Possible experimental / analytical issues: - Headline results (e.g., 91% at 13 parameters) are single-point estimates; error bars across seeds are absent from the main figures. Given that AIME24 scores range 3.3–20.0 across parameter counts, variance could be substantial. - GSM8K is near-saturated for 7B instruction-tuned models (base already 88.2%); the reported 91% vs. 95% full-FT gap of 4 points is small and could fall within run-to-run variance. - All experiments use exact-match reward; format sensitivity (e.g., boxed vs. unboxed answers) could explain some of the gains rather than mathematical reasoning improvement. - Experiments span only math benchmarks, yet the discussion extrapolates to general reasoning; the authors acknowledge this but still frame conclusions broadly. - The MATH training experiments use baselines taken directly from Zeng et al. (SimpleRL-Zoo) rather than re-run under identical conditions, introducing potential confounds.

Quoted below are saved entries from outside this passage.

(* Let $M=(Q,\mathcal{A},\Delta,I,F)$ be a complete symbolic finite automaton. Let $n=|Q|$, $m=|\Delta|$, $k$ the size of the largest predicate used in $\Delta$, $m_q$ the number of transitions of $\Delta$ leaving $q$ for each $q\in Q$, and $\hat m=\max\{m_q\mid q\in Q\}$. Then the algorithm LocalSim described in the context computes $\preceq_M$ in time $$O\Big(n\sum_{q\in Q} m_q 2^{m_q} + m\,\mathcal{C}_{sat}(\hat m,k)\sum_{q\in Q}2^{m_q}\Big).$$
   Context: An effective Boolean algebra is $\mathcal{A}=(\mathfrak{D},\mathbb{P},[\![\cdot]\!],\vee,\wedge,\neg)$ where $\mathbb{P}$ is a set of predicates closed under $\vee,\wedge,\neg$, with an interpretation $[\![\cdot]\!]:\mathbb{P}\to 2^{\mathfrak{D}}$ mapping $\vee,\wedge,\neg$ to union, intersection and complement w.r.t. $\mathfrak{D}$; $\mathit{IsSat}(\varphi)$ means $[\![\varphi]\!]\neq\emptyset$, and the operations and $\mathit{IsSat}$ are computable. Predicates have a measurable size; $\mathcal{C}_{sat}(x,y)$ denotes the worst-case complexity of constructing a predicate obtained by applying $x$ operations of $\mathcal{A}$ to predicates of size at most $y$ and checking its satisfiability. An SFA is $M=(Q,\mathcal{A},\Delta,I,F)$ with finite state set $Q$, finite transition relation $\Delta\subseteq Q\times\mathbb{P}\times Q$ whose predicates are satisfiable, initial states $I$, final states $F$; its concrete transitions are $[\![\Delta]\!]=\{(q,a,p)\mid (q,\psi,p)\in\Delta, a\in[\![\psi]\!]\}$. $M$ is complete if for every $q\in Q$ and $a\in\mathfrak{D}$ there is $p$ with $(q,a,p)\in[\![\Delta]\!]$. A relation $S\subseteq Q\times Q$ is a simulation on $M$ if whenever $(p,r)\in S$: $p\in F$ implies $r\in F$, and for all $a\in\mathfrak{D}$ and $(p,a,p')\in[\![\Delta]\!]$ there is $(r,a,r')\in[\![\Delta]\!]$ with $(p',r')\in S$; $\preceq_M$ is the unique maximal simulation. The minterms $\mathrm{Minterms}(\Phi)$ of a finite set $\Phi$ of predicates are the satisfiable predicates among $\{\bigwedge_{\phi\in\Phi'}\phi\wedge\bigwedge_{\phi\in\Phi\setminus\Phi'}\neg\phi\mid\Phi'\subseteq\Phi\}$. For $p\in Q$ let $\mathbb{P}_{\Delta,p}$ be the set of predicates on transitions of $\Delta$ leaving $p$. The locally mintermised form $\Delta_L$ of $\Delta$ is obtained by replacing each $(p,\varphi,q)\in\Delta$ by $\{(p,\omega,q)\mid\omega\in\mathrm{Minterms}(\mathbb{P}_{\Delta,p}),\ \mathit{IsSat}(\omega\wedge\varphi)\}$. Algorithm LocalSim (input: a complete SFA $M$): 1. Compute $\Delta_L$. 2. For all $p,q\in Q$ and every transition $(q,\psi,t)\in\Delta_L$, set a counter $N_\psi(q,p):=|\{r\mid (q,\psi,r)\in\Delta_L\}|$. 3. Set $\mathit{Sim}:=Q\times Q$ and $\mathit{NotSim}:=F\times(Q\setminus F)$. 4. While $\mathit{NotSim}\neq\emptyset$: remove some $(i,j)$ from $\mathit{NotSim}$ and from $\mathit{Sim}$; for every transition $(t,\psi_{tj},j)\in\Delta_L$: decrement $N_{\psi_{tj}}(t,i)$ by one, and if it becomes $0$, then for every transition $(s,\varphi_{si},i)\in\Delta$ with $(s,t)\in\mathit{Sim}$, if $\mathit{IsSat}(\psi_{tj}\wedge\varphi_{si})$ then add $(s,t)$ to $\mathit{NotSim}$. 5. Return $\mathit{Sim}$. *)

theory Defs
  imports Main "HOL-Library.Extended_Nat"
begin

datatype 'p bform = Lit bool 'p | AndF "'p bform" "'p bform" | OrF "'p bform" "'p bform"
  | NotF "'p bform"

fun fsem :: "('p \<Rightarrow> 'd set) \<Rightarrow> 'p bform \<Rightarrow> 'd set" where
  "fsem sem (Lit b p) = (if b then sem p else - sem p)"
| "fsem sem (AndF f g) = fsem sem f \<inter> fsem sem g"
| "fsem sem (OrF f g) = fsem sem f \<union> fsem sem g"
| "fsem sem (NotF f) = - fsem sem f"

definition IsSat :: "('p \<Rightarrow> 'd set) \<Rightarrow> 'p bform \<Rightarrow> bool" where
  "IsSat sem f \<longleftrightarrow> fsem sem f \<noteq> {}"

fun nops :: "'p bform \<Rightarrow> nat" where
  "nops (Lit b p) = 0"
| "nops (AndF f g) = Suc (nops f + nops g)"
| "nops (OrF f g) = Suc (nops f + nops g)"
| "nops (NotF f) = Suc (nops f)"

fun batoms :: "'p bform \<Rightarrow> 'p set" where
  "batoms (Lit b p) = {p}"
| "batoms (AndF f g) = batoms f \<union> batoms g"
| "batoms (OrF f g) = batoms f \<union> batoms g"
| "batoms (NotF f) = batoms f"

text \<open>C_sat(x,y): worst-case cost (given the cost function qcost of constructing a
  Boolean combination and checking its satisfiability) over all predicates obtained by
  applying at most x operations to predicates of size at most y.\<close>
definition Csat :: "('p \<Rightarrow> nat) \<Rightarrow> ('p bform \<Rightarrow> nat) \<Rightarrow> nat \<Rightarrow> nat \<Rightarrow> enat" where
  "Csat sz qcost x y =
     (SUP f \<in> {f. nops f \<le> x \<and> (\<forall>p\<in>batoms f. sz p \<le> y)}. enat (qcost f))"

definition sfa :: "('p \<Rightarrow> 'd set) \<Rightarrow> 'q set \<Rightarrow> ('q \<times> 'p \<times> 'q) set \<Rightarrow> 'q set \<Rightarrow> 'q set \<Rightarrow> bool" where
  "sfa sem Q Delta I F \<longleftrightarrow> finite Q \<and> finite Delta \<and>
     (\<forall>(q, \<phi>, p) \<in> Delta. q \<in> Q \<and> p \<in> Q \<and> sem \<phi> \<noteq> {}) \<and> I \<subseteq> Q \<and> F \<subseteq> Q"

definition ctrans :: "('p \<Rightarrow> 'd set) \<Rightarrow> ('q \<times> 'p \<times> 'q) set \<Rightarrow> ('q \<times> 'd \<times> 'q) set" where
  "ctrans sem Delta = {(q, a, p). \<exists>\<phi>. (q, \<phi>, p) \<in> Delta \<and> a \<in> sem \<phi>}"

definition complete_sfa :: "('p \<Rightarrow> 'd set) \<Rightarrow> 'q set \<Rightarrow> ('q \<times> 'p \<times> 'q) set \<Rightarrow> bool" where
  "complete_sfa sem Q Delta \<longleftrightarrow> (\<forall>q\<in>Q. \<forall>a. \<exists>p. (q, a, p) \<in> ctrans sem Delta)"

Ideas for future work: - Run TinyLoRA on code generation (HumanEval, LiveCodeBench) and structured science QA to test whether the RL/SFT efficiency gap is specific to math or holds for other verifiable-reward tasks. - Formally bound the information capacity of a u-dimensional TinyLoRA update and compare to the empirical bits-of-improvement observed, to validate or refute the Section 3 hypothesis. - Isolate the Qwen data-contamination confound by running identical experiments on a model with documented clean pretraining (e.g., a model trained on The Pile with published data cards) and comparing the parameter efficiency curves. - Measure wall-clock training time and GPU-memory savings at the 13-parameter regime, since SVD initialization cost and the merged-weight inference workaround may offset gains from smaller adapter storage.

Methods

TinyLoRA
LoRA
LoRA-XS
GRPO
SVD-based weight decomposition
weight tying
truncated importance sampling
supervised fine-tuning

Datasets

GSM8K
MATH500
AIME24
AMC23
OlympiadBench
Minerva Math
GAOKAO
CollegeMath

Claims

TinyLoRA can train Qwen2.5-7B-Instruct to 91% accuracy on GSM8K using only 13 parameters (26 bytes in bf16).
Reinforcement learning with verifiable rewards is far more parameter-efficient than supervised fine-tuning in the low-parameter regime, requiring 100-1000x fewer parameters to reach equivalent performance.
TinyLoRA recovers 90% of performance improvements while training 1000x fewer parameters across AIME, AMC, and MATH500 benchmarks.
Larger models require fewer absolute parameters to reach a given fraction of full fine-tuning performance, suggesting trillion-scale models may be tunable with only a handful of parameters.
RL makes fundamentally more information-dense updates than SFT because reward signals cleanly separate task-relevant from irrelevant features, enabling effective learning with minimal model capacity.